* _What the exercise asks_: Look through the listing below and give the number of lines in which "symmetric" occurs, nothing more.

*** Opening Listed records ***

lemma single_single_power:
  "Poly_Mapping.single (Poly_Mapping.single j 1) (1::'b::comm_semiring_1) ^ k
     = Poly_Mapping.single (Poly_Mapping.single j k) 1"
proof (induction k)
  case (Suc k)
  have "Poly_Mapping.single j (Suc k) = Poly_Mapping.single j 1 + Poly_Mapping.single j k"
    by (simp add: single_add[symmetric])
  then show ?case using Suc by (simp add: mult_single)
qed simp

lemma single_monomial_eq_prod:
  "Poly_Mapping.single \<alpha> (1::'b::comm_semiring_1) =
     (\<Prod>j\<in>Poly_Mapping.keys \<alpha>. Poly_Mapping.single (Poly_Mapping.single j 1) 1 ^ Poly_Mapping.lookup \<alpha> j)"
  unfolding single_single_power
  by (subst poly_mapping_sum_single[of \<alpha>]) (rule single_sum_one, simp)

lemma lookup_single_zero_mult:
  fixes c :: "'b::comm_semiring_1"
  shows "Poly_Mapping.lookup (Poly_Mapping.single (0::'a::comm_monoid_add) c * Q) a
         = c * Poly_Mapping.lookup Q a"
  by (simp add: lookup_mult lookup_single when_mult mult_when Sum_any_right_distrib)

lemma is_ring_hom_single_zero:
  "is_ring_hom (Poly_Mapping.single (0::'a::comm_monoid_add) :: 'b::comm_ring_1 \<Rightarrow> 'a \<Rightarrow>\<^sub>0 'b)"
  unfolding is_ring_hom_def by (simp add: single_add mult_single)

text \<open>
  The unit of \<open>C(S)[x]\<close>. Multiplying by it restricts all coefficients to \<open>S\<close>, so
  \<open>indicator_poly S * a \<in> CS_polys S n\<close> says that \<open>a\<close> becomes an element of \<open>C(S)[x]\<close> on \<open>S\<close>.
\<close>

definition indicator_poly :: "(real^'m::finite) set \<Rightarrow> 'm cpoly" where
  "indicator_poly S = Poly_Mapping.single 0 (\<lambda>x. if x \<in> S then 1 else 0)"

lemma CS_poly_ring_simps [simp]:
  "carrier (CS_poly_ring S n) = CS_polys S n"
  "P \<otimes>\<^bsub>CS_poly_ring S n\<^esub> Q = P * Q"
  "P \<oplus>\<^bsub>CS_poly_ring S n\<^esub> Q = P + Q"
  "\<one>\<^bsub>CS_poly_ring S n\<^esub> = indicator_poly S"
  "\<zero>\<^bsub>CS_poly_ring S n\<^esub> = 0"
  by (simp_all add: CS_poly_ring_def indicator_poly_def)

lemma single_in_CS_polys:
  assumes "Poly_Mapping.keys \<alpha> \<subseteq> {..<n}" "continuous_on S \<phi>" "\<And>x. x \<notin> S \<Longrightarrow> \<phi> x = 0"
  shows "Poly_Mapping.single \<alpha> \<phi> \<in> CS_polys S n"
  unfolding CS_polys_def cont_fun_on_def
  using assms by (auto simp: lookup_single when_def)

lemma indicator_poly_mult_single:
  assumes "Poly_Mapping.keys \<alpha> \<subseteq> {..<n}" "continuous_on S \<phi>"
  shows "indicator_poly S * Poly_Mapping.single \<alpha> \<phi> \<in> CS_polys S n"
proof -
  have "indicator_poly S * Poly_Mapping.single \<alpha> \<phi> =
      Poly_Mapping.single \<alpha> (\<lambda>x. if x \<in> S then \<phi> x else 0)"
    by (auto simp: indicator_poly_def mult_single times_fun_def
        intro!: arg_cong[where f = "Poly_Mapping.single \<alpha>"])
  also have "\<dots> \<in> CS_polys S n"
    using assms by (intro single_in_CS_polys) (auto intro: continuous_on_eq)
  finally show ?thesis .
qed

lemma indicator_poly_mult_CS_polys:
  assumes "ring (CS_poly_ring S n)" "P \<in> CS_polys S n"
  shows "indicator_poly S * P = P"
proof -
  interpret R: ring "CS_poly_ring S n" by (fact assms(1))
  show ?thesis using R.l_one[of P] assms(2) by simp
qed

lemma CS_polys_ring_closed:
  assumes "ring (CS_poly_ring S n)" "P \<in> CS_polys S n" "Q \<in> CS_polys S n"
  shows "P + Q \<in> CS_polys S n" "P * Q \<in> CS_polys S n" "- P \<in> CS_polys S n"
proof -
  interpret R: ring "CS_poly_ring S n" by (fact assms(1))
  show "P + Q \<in> CS_polys S n" "P * Q \<in> CS_polys S n"
    using R.a_closed R.m_closed assms(2,3) by simp_all
  have "P + \<ominus>\<^bsub>CS_poly_ring S n\<^esub> P = 0" using R.r_neg assms(2) by simp
  then have "- P = \<ominus>\<^bsub>CS_poly_ring S n\<^esub> P" by (rule add.inverse_unique)
  then show "- P \<in> CS_polys S n" using R.a_inv_closed assms(2) by simp
qed

lemma subring_restrict_to_CS_polys:
  assumes "ring (CS_poly_ring S n)"
  shows "is_subring {a. indicator_poly S * a \<in> CS_polys S n}"
proof -
  let ?e = "indicator_poly S"
  interpret R: ring "CS_poly_ring S n" by (fact assms)
  have e: "?e \<in> CS_polys S n" using R.one_closed by simp
  have ee: "?e * ?e = ?e" by (rule indicator_poly_mult_CS_polys[OF assms e])
  have "(?e * a) * (?e * b) = (?e * ?e) * (a * b)" for a b
    by (simp only: mult_ac)
  then have "?e * (a * b) = (?e * a) * (?e * b)" for a b
    by (simp only: ee)
  moreover have "0 \<in> CS_polys S n" using R.zero_closed by simp
  ultimately show ?thesis
    unfolding is_subring_def using CS_polys_ring_closed[OF assms] e
    by (simp add: distrib_left)
qed

definition const_polys :: "'m cpoly set" where
  "const_polys = Poly_Mapping.single 0 ` (\<lambda>c _. c) ` UNIV"

definition coordinate_polys :: "nat \<Rightarrow> ('m::finite) cpoly set" where
  "coordinate_polys n = (\<lambda>j. Poly_Mapping.single (Poly_Mapping.single j 1) 1) ` {..<n} \<union>
     range (\<lambda>i. Poly_Mapping.single 0 (\<lambda>x. complex_of_real (x $ i)))"

lemma subring_const_polys: "is_subring const_polys"
  unfolding const_polys_def
  by (intro subring_image subring_UNIV is_ring_hom_single_zero is_ring_hom_const_fun)

lemma noetherian_const_polys: "noetherian const_polys"
  unfolding const_polys_def
  by (intro noetherian_image noetherian_field is_ring_hom_single_zero is_ring_hom_const_fun)

lemma single_poly_funs_in_subring:
  fixes B :: "'m::finite cpoly set"
  assumes B: "is_subring B" "const_polys \<subseteq> B" "coordinate_polys n \<subseteq> B"
    and "Poly_Mapping.keys \<alpha> \<subseteq> {..<n}" "\<phi> \<in> poly_funs"
  shows "Poly_Mapping.single \<alpha> \<phi> \<in> B"
proof -
  have "Poly_Mapping.single 0 \<phi> \<in> B"
    using assms(5)
  proof induction
    case (poly_funs_add f g)
    have "(Poly_Mapping.single 0 (\<lambda>x. f x + g x) :: 'm cpoly) =
        Poly_Mapping.single 0 f + Poly_Mapping.single 0 g"
      by (simp add: single_add[symmetric] plus_fun_def)
    then show ?case using subring_add[OF B(1) poly_funs_add.IH] by (simp only:)
  next
    case (poly_funs_mult f g)
    have "(Poly_Mapping.single 0 (\<lambda>x. f x * g x) :: 'm cpoly) =
        Poly_Mapping.single 0 f * Poly_Mapping.single 0 g"
      by (simp add: mult_single times_fun_def)
    then show ?case using subring_mult[OF B(1) poly_funs_mult.IH] by (simp only:)
  next
    case (poly_funs_const c)
    then show ?case using B(2) unfolding const_polys_def by blast
  next
    case (poly_funs_coord i)
    then show ?case using B(3) unfolding coordinate_polys_def by blast
  qed
  moreover have "Poly_Mapping.single \<alpha> 1 \<in> B"
    using B(1,3) assms(4) unfolding coordinate_polys_def
    by (subst single_monomial_eq_prod) (auto intro!: subring_prod subring_power)
  moreover have "Poly_Mapping.single \<alpha> \<phi> = Poly_Mapping.single \<alpha> 1 * Poly_Mapping.single 0 \<phi>"
    by (simp add: mult_single)
  ultimately show ?thesis
    using subring_mult[OF B(1)] by simp
qed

*** Closing Listed records ***

* _Written reply_: 2